Not a pretty picture, but a good story.   Roy had trouble keeping up with me.  At first I thought it was experience and he would catch on.  But on the third day he dropped about a half mile off the pace, so I pulled over at a salmon farm and was granted permission to board and wait for him.

As he approached I shouted some paddling instructions, you know, the usual "knee jerk" solutions: "Increase the length or your stroke, rotate your trunk...more beats per minute.   "Yackety yak, yakety yak...". 

His reply was sharp:  "I've watched you paddle for three days I'm doing the same thing you are.  It doesn't work!"

As Roy pulled alongside the farm, I noticed a line trailing from his kayak.  On the underwater end of it was his bailing bucket, a very effective sea anchor.   We all had a big laugh, promised to keep the "boo-boo" a secret.  And here I am telling the world.

The point is you will probably stow materials on the hull of the boat, make certain they are secure and are not a hazard.  Make certain they do not slow or impede your re-entry into the boat should it capsize.


MY TURN! I lost my dive watch of 30 years, a constant, reliable companion that had tagged along with me through 40 countries or so.  It was my fault and the manufacturers fault, we share the blame for the breach.  The wrist band pin that connects band to watch rusted, broke and led to the demise of the faithful timepiece.  Guaranteed to 260 meters, it probably began breaking up at 300 meters and various parts may still be sinking as of this writing.  It is shocking how much a watch like that cost at today's prices.  Always rinse your gear in fresh water after a salt water experience.

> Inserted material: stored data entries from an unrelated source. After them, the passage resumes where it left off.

(* Let $X$ be a finite simplicial complex with $n$ simplices and let $F,G:X\to\mathbb{R}^2$ be functions such that $F(\tau)\le F(\sigma)$ and $G(\tau)\le G(\sigma)$ whenever $\tau\subset\sigma$ are simplices of $X$. Let $\mathcal{X}$ and $\mathcal{Y}$ be the sublevel set bi-filtrations of $F$ and $G$. Let $\phi$ be an absolutely bounded and internally stable feature map for mono-filtrations and $R\subset\mathbb{R}^2$ a bounded axis-aligned rectangle whose bottom-left corner is the origin. Then $$\|\Phi_{\mathcal{X}}-\Phi_{\mathcal{Y}}\|_{L^2(\Delta^{(2)})}\le C\cdot n\cdot \mathrm{area}(R)\cdot\|F-G\|_\infty$$ for some constant $C$.
   Context: For $p,q\in\mathbb{R}^2$ write $p\le q$ (resp. $p<q$) if both coordinates satisfy $\le$ (resp. $<$). The sublevel set bi-filtration of $F$ assigns to $p\in\mathbb{R}^2$ the subcomplex $\{\sigma\in X: F(\sigma)\le p\}$. $\|F-G\|_\infty:=\sup_{\sigma\in X}\|F(\sigma)-G(\sigma)\|_\infty$. A mono-filtration of $X$ assigns nested subcomplexes $\mathcal{X}(\alpha)$, $\alpha\in\mathbb{R}$; its size is the number of simplices of $X$. Let $\mathcal{L}$ be the set of non-vertical lines in $\mathbb{R}^2$ with positive slope. Each $\ell\in\mathcal{L}$ meets $x=-y$ in a unique point $b$ and is parametrized as $b+\lambda a$ with $a=(a_1,a_2)$ its unit direction vector with positive coordinates; $\hat{\ell}:=\min\{a_1,a_2\}$. The slice $\mathcal{X}_\ell$ is the mono-filtration $\alpha\mapsto\mathcal{X}(b+\alpha a)$. $d_B$ denotes the bottleneck distance between persistence diagrams of mono-filtrations. Let $\Delta^{(1)}:=\{(x_1,x_2):x_1<x_2\}$. A feature map $\phi$ assigns to each mono-filtration $\mathcal{X}$ a function $\phi_{\mathcal{X}}\in L^2(\Delta^{(1)})$; it is absolutely bounded if there is $v_1>0$ with $0\le\phi_{\mathcal{X}}(x)\le v_1 n$ for all mono-filtrations of size $n$ and $x\in\Delta^{(1)}$, and internally stable if there is $v_3>0$ with $|\phi_{\mathcal{X}}(x)-\phi_{\mathcal{Y}}(x)|\le v_3 n\, d_B(\mathcal{X},\mathcal{Y})$ for all mono-filtrations of size $n$ and $x\in\Delta^{(1)}$. Let $\Delta^{(2)}:=\{(p,q)\in\mathbb{R}^2\times\mathbb{R}^2:p<q\}\subset\mathbb{R}^4$ with Lebesgue measure. For $(p,q)\in\Delta^{(2)}$ let $\ell\in\mathcal{L}$ be the line through $p,q$ and $\lambda_p<\lambda_q$ the parameters with $p=b+\lambda_pa$, $q=b+\lambda_qa$; define $\Phi_{\mathcal{X}}(p,q):=\chi_R(p)\chi_R(q)\,\hat{\ell}\,\phi_{\mathcal{X}_\ell}(\lambda_p,\lambda_q)$, with $\chi_R$ the indicator of $R$. *)

theory Defs
  imports "HOL-Analysis.Analysis" "HOL-Library.Multiset" "HOL-Library.Discrete_Functions"
begin
(* Let $M$ be a $*$-left Ehresmann monoid and $H\subseteq M$ a proper atomic subset. Then for every $h\in H$, $h\,\sigma\,1$ if and only if $h\in E$.
   Context: A $*$-left Ehresmann monoid is a monoid $M$ with unary operations $+,*$ such that $x^+x=x$, $(x^+y^+)^+=x^+y^+$, $x^+y^+=y^+x^+$, $(xy)^+=(xy^+)^+$, $xx^*=x$, $(x^* )^*=x^*$, $x^*y^*=y^*x^*$, $(xy^* )^*y^*=(xy^* )^*$, $(x^* )^+=x^*$, $(x^+)^*=x^+$. Its semilattice of projections is $E=\{a^+\}=\{a^*\}$; $\sigma$ is the least monoid congruence on $M$ containing $E\times E$. $H\subseteq M$ is atomic if: (H1) $E\subseteq H$; (H2) $h\in H,e\in E$ imply $he\in H$ and $(he)^*=h^*e$; (H3) if $h\in H$, $k\in H\setminus E$, $h^*\ge k^+$ then $hk\in H$ and $(hk)^*=k^*$; (H4) every $m\in M$ is $\sigma$-related to some $h\in H$; (H5) if $h,k,w\in H$, $hk\,\sigma\,w$ and $k^*=w^*$, then some $u\in H$ has $u\,\sigma\,h$ and $u^*\ge k^+$. $H$ is proper if for all $h,k\in H$: ($h^*=k^*$ and $h\,\sigma\,k$) iff $h=k$. *)

theory Defs
  imports Main
begin

text \<open>A star-left Ehresmann monoid: a monoid (type class monoid_mult, the whole
type is the monoid) with unary operations pl (x^+) and st (x^star).\<close>

definition star_left_ehresmann :: "('a::monoid_mult \<Rightarrow> 'a) \<Rightarrow> ('a \<Rightarrow> 'a) \<Rightarrow> bool" where
  "star_left_ehresmann pl st \<longleftrightarrow>
     (\<forall>x. pl x * x = x) \<and>
     (\<forall>x y. pl (pl x * pl y) = pl x * pl y) \<and>
     (\<forall>x y. pl x * pl y = pl y * pl x) \<and>
     (\<forall>x y. pl (x * y) = pl (x * pl y)) \<and>
     (\<forall>x. x * st x = x) \<and>
     (\<forall>x. st (st x) = st x) \<and>
     (\<forall>x y. st x * st y = st y * st x) \<and>
     (\<forall>x y. st (x * st y) * st y = st (x * st y)) \<and>
     (\<forall>x. pl (st x) = st x) \<and>
     (\<forall>x. st (pl x) = pl x)"

definition projections :: "('a \<Rightarrow> 'a) \<Rightarrow> 'a set" where
  "projections pl = range pl"

definition proj_le :: "'a::monoid_mult \<Rightarrow> 'a \<Rightarrow> bool" where
  "proj_le e f \<longleftrightarrow> e = e * f"

definition monoid_congruence :: "('a::monoid_mult \<times> 'a) set \<Rightarrow> bool" where
  "monoid_congruence R \<longleftrightarrow> equiv UNIV R \<and>
     (\<forall>a b c d. (a, b) \<in> R \<and> (c, d) \<in> R \<longrightarrow> (a * c, b * d) \<in> R)"

definition sigma_cong :: "('a::monoid_mult \<Rightarrow> 'a) \<Rightarrow> ('a \<times> 'a) set" where
  "sigma_cong pl = \<Inter> {R. monoid_congruence R \<and> projections pl \<times> projections pl \<subseteq> R}"

definition atomic_subset :: "('a::monoid_mult \<Rightarrow> 'a) \<Rightarrow> ('a \<Rightarrow> 'a) \<Rightarrow> 'a set \<Rightarrow> bool" where
  "atomic_subset pl st H \<longleftrightarrow>
     projections pl \<subseteq> H \<and>
     (\<forall>h\<in>H. \<forall>e\<in>projections pl. h * e \<in> H \<and> st (h * e) = st h * e) \<and>
     (\<forall>h\<in>H. \<forall>k\<in>H - projections pl. proj_le (pl k) (st h) \<longrightarrow>
         h * k \<in> H \<and> st (h * k) = st k) \<and>
     (\<forall>m. \<exists>h\<in>H. (m, h) \<in> sigma_cong pl) \<and>
     (\<forall>h\<in>H. \<forall>k\<in>H. \<forall>w\<in>H. (h * k, w) \<in> sigma_cong pl \<and> st k = st w \<longrightarrow>
         (\<exists>u\<in>H. (u, h) \<in> sigma_cong pl \<and> proj_le (pl k) (st u)))"

definition proper_subset :: "('a::monoid_mult \<Rightarrow> 'a) \<Rightarrow> ('a \<Rightarrow> 'a) \<Rightarrow> 'a set \<Rightarrow> bool" where
  "proper_subset pl st H \<longleftrightarrow>
     (\<forall>h\<in>H. \<forall>k\<in>H. (st h = st k \<and> (h, k) \<in> sigma_cong pl) \<longleftrightarrow> h = k)"

end

theory Submission
  imports Defs
begin

text \<open>If \<open>h \<sigma> 1\<close> then \<open>h \<sigma> h\<^sup>*\<close>, since \<open>1 = 1\<^sup>+\<close> and \<open>h\<^sup>*\<close> both lie in \<open>E\<close>. The projection
  \<open>h\<^sup>*\<close> belongs to \<open>H\<close> and is its own star, so properness of \<open>H\<close> forces \<open>h = h\<^sup>*\<close>.
  Conversely every projection is \<open>\<sigma>\<close>-related to the projection \<open>1\<close>.\<close>

lemma star_left_ehresmann_pl_one:
  assumes "star_left_ehresmann pl st"
  shows "pl 1 = 1"
proof -
  have "pl 1 * 1 = 1" using assms unfolding star_left_ehresmann_def by blast
  then show ?thesis by simp
qed

lemma star_left_ehresmann_one_in_projections:
  assumes "star_left_ehresmann pl st"
  shows "1 \<in> projections pl"
  unfolding projections_def using star_left_ehresmann_pl_one[OF assms] by (metis rangeI)

lemma star_left_ehresmann_st_in_projections:
  assumes "star_left_ehresmann pl st"
  shows "st x \<in> projections pl"
proof -
  have "pl (st x) = st x" using assms unfolding star_left_ehresmann_def by blast
  then show ?thesis unfolding projections_def by (metis rangeI)
qed

lemma star_left_ehresmann_st_st:
  "star_left_ehresmann pl st \<Longrightarrow> st (st x) = st x"
  unfolding star_left_ehresmann_def by blast

lemma sigma_cong_projections:
  "e \<in> projections pl \<Longrightarrow> f \<in> projections pl \<Longrightarrow> (e, f) \<in> sigma_cong pl"
  unfolding sigma_cong_def by blast

lemma trans_sigma_cong: "trans (sigma_cong pl)"
proof (rule transI)
  fix a b c assume ab: "(a, b) \<in> sigma_cong pl" and bc: "(b, c) \<in> sigma_cong pl"
  show "(a, c) \<in> sigma_cong pl"
    unfolding sigma_cong_def
  proof (intro InterI, clarify)
    fix R assume "monoid_congruence R" "projections pl \<times> projections pl \<subseteq> R"
    with ab bc have "(a, b) \<in> R" "(b, c) \<in> R" "trans R"
      unfolding sigma_cong_def monoid_congruence_def equiv_def by blast+
    then show "(a, c) \<in> R" by (blast dest: transD)
  qed
qed

lemma proper_subset_st_eq_self_if_sigma_cong:
  assumes "star_left_ehresmann pl st"
    and "projections pl \<subseteq> H"
    and "proper_subset pl st H"
    and "h \<in> H"
    and "(h, st h) \<in> sigma_cong pl"
  shows "st h = h"
proof -
  have "st h \<in> H"
    using assms(1,2) star_left_ehresmann_st_in_projections by blast
  with assms(3,4) have "(st h = st (st h) \<and> (h, st h) \<in> sigma_cong pl) \<longleftrightarrow> h = st h"
    unfolding proper_subset_def by blast
  moreover have "st h = st (st h)"
    using assms(1) by (rule star_left_ehresmann_st_st[symmetric])
  ultimately show ?thesis
    using assms(5) by metis
qed

theorem mainTheorem7:
  fixes pl st :: "'a::monoid_mult \<Rightarrow> 'a" and H :: "'a set"
  assumes "star_left_ehresmann pl st"
    and "atomic_subset pl st H"
    and "proper_subset pl st H"
    and "h \<in> H"
  shows "(h, 1) \<in> sigma_cong pl \<longleftrightarrow> h \<in> projections pl"
proof
  have one: "1 \<in> projections pl"
    using assms(1) by (rule star_left_ehresmann_one_in_projections)
  have st_h: "st h \<in> projections pl"
    using assms(1) by (rule star_left_ehresmann_st_in_projections)
  show "(h, 1) \<in> sigma_cong pl" if "h \<in> projections pl"
    using that one by (rule sigma_cong_projections)
  have E_sub_H: "projections pl \<subseteq> H"
    using assms(2) unfolding atomic_subset_def by blast
  assume "(h, 1) \<in> sigma_cong pl"
  moreover have "(1, st h) \<in> sigma_cong pl"
    using one st_h by (rule sigma_cong_projections)
  ultimately have "(h, st h) \<in> sigma_cong pl"
    by (rule transD[OF trans_sigma_cong])
  with assms(1) E_sub_H assms(3,4) have "st h = h"
    by (rule proper_subset_st_eq_self_if_sigma_cong)
  with st_h show "h \<in> projections pl" by simp
qed

end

Oh!  And by the way, for the sixth straight trip I lost a pair of sun glasses and found a pair.  Like, Seinfeld, I broke even.  A lanyard on your glasses is a must.  I know where every lost pair is.  I can see them in my mind's eye.  Next to the alder where I photographed the ferry shot.  Next to the lily I filmed in Ontario.  Next to the thistle I filmed in Catalunya.  Keep those glasses attached, especially if you are a photographer.